Dataset excerpts Block Start
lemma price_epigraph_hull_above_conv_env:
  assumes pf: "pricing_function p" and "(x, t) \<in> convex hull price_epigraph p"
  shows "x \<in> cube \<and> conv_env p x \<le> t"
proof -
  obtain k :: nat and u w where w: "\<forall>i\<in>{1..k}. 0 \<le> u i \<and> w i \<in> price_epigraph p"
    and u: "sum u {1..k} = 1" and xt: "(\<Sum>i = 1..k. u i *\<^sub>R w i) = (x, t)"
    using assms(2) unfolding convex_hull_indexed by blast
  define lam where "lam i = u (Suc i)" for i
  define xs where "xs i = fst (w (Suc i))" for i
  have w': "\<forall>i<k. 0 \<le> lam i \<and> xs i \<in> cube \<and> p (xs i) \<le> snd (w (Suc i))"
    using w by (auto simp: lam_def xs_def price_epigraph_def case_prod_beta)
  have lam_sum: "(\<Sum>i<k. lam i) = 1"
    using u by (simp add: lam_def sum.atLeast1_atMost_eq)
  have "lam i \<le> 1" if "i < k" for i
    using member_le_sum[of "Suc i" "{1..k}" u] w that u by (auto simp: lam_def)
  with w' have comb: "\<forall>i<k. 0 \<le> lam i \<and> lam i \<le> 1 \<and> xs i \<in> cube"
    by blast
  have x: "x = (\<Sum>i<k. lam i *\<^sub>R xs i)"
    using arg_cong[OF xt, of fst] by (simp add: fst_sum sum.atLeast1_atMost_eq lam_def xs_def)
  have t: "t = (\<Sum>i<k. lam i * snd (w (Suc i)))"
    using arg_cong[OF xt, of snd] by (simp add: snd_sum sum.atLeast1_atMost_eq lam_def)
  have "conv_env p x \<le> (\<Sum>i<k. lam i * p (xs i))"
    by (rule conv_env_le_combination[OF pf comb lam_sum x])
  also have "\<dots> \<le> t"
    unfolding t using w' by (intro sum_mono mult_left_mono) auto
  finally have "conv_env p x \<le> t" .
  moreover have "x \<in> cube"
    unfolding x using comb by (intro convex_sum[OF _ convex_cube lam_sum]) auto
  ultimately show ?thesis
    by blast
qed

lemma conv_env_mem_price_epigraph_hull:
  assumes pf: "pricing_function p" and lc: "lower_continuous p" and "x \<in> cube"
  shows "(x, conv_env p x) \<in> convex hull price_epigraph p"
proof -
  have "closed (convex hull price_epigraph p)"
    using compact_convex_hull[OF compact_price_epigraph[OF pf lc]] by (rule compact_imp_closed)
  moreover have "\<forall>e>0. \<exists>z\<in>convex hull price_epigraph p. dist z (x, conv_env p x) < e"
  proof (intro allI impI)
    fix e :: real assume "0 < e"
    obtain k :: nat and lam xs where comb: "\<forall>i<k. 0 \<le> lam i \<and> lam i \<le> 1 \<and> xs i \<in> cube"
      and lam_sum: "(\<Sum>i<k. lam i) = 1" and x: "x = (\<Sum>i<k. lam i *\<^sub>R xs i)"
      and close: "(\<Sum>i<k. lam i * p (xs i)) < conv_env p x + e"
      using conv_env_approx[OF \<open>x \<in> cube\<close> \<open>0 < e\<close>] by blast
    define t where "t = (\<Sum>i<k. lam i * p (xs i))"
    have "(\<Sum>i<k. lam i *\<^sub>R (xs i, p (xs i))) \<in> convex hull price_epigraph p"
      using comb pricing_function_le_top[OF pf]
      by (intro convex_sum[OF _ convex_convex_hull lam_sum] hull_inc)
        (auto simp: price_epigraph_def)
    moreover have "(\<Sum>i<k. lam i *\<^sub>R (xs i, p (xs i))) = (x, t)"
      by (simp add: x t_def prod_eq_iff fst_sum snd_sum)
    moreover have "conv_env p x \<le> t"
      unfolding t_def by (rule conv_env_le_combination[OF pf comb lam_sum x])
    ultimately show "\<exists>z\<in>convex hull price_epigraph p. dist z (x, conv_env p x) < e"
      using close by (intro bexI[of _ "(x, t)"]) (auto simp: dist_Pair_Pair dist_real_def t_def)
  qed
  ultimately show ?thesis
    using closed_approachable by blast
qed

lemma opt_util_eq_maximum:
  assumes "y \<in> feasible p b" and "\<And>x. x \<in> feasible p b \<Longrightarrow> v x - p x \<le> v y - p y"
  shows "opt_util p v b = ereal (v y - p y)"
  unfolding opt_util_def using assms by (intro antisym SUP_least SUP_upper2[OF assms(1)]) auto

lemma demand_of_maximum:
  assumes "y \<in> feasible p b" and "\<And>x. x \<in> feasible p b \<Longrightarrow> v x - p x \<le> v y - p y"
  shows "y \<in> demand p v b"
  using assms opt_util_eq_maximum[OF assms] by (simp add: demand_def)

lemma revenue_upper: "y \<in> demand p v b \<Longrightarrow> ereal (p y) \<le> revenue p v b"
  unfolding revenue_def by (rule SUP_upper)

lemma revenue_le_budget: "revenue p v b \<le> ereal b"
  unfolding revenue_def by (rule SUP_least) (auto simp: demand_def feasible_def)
Dataset excerpts Block End
- [What this task involves] Show the lines in the entries above that include the string "moreover".

- [Output of the task]
  moreover have "x \<in> cube"
  moreover have "\<forall>e>0. \<exists>z\<in>convex hull price_epigraph p. dist z (x, conv_env p x) < e"
    moreover have "(\<Sum>i<k. lam i *\<^sub>R (xs i, p (xs i))) = (x, t)"
    moreover have "conv_env p x \<le> t"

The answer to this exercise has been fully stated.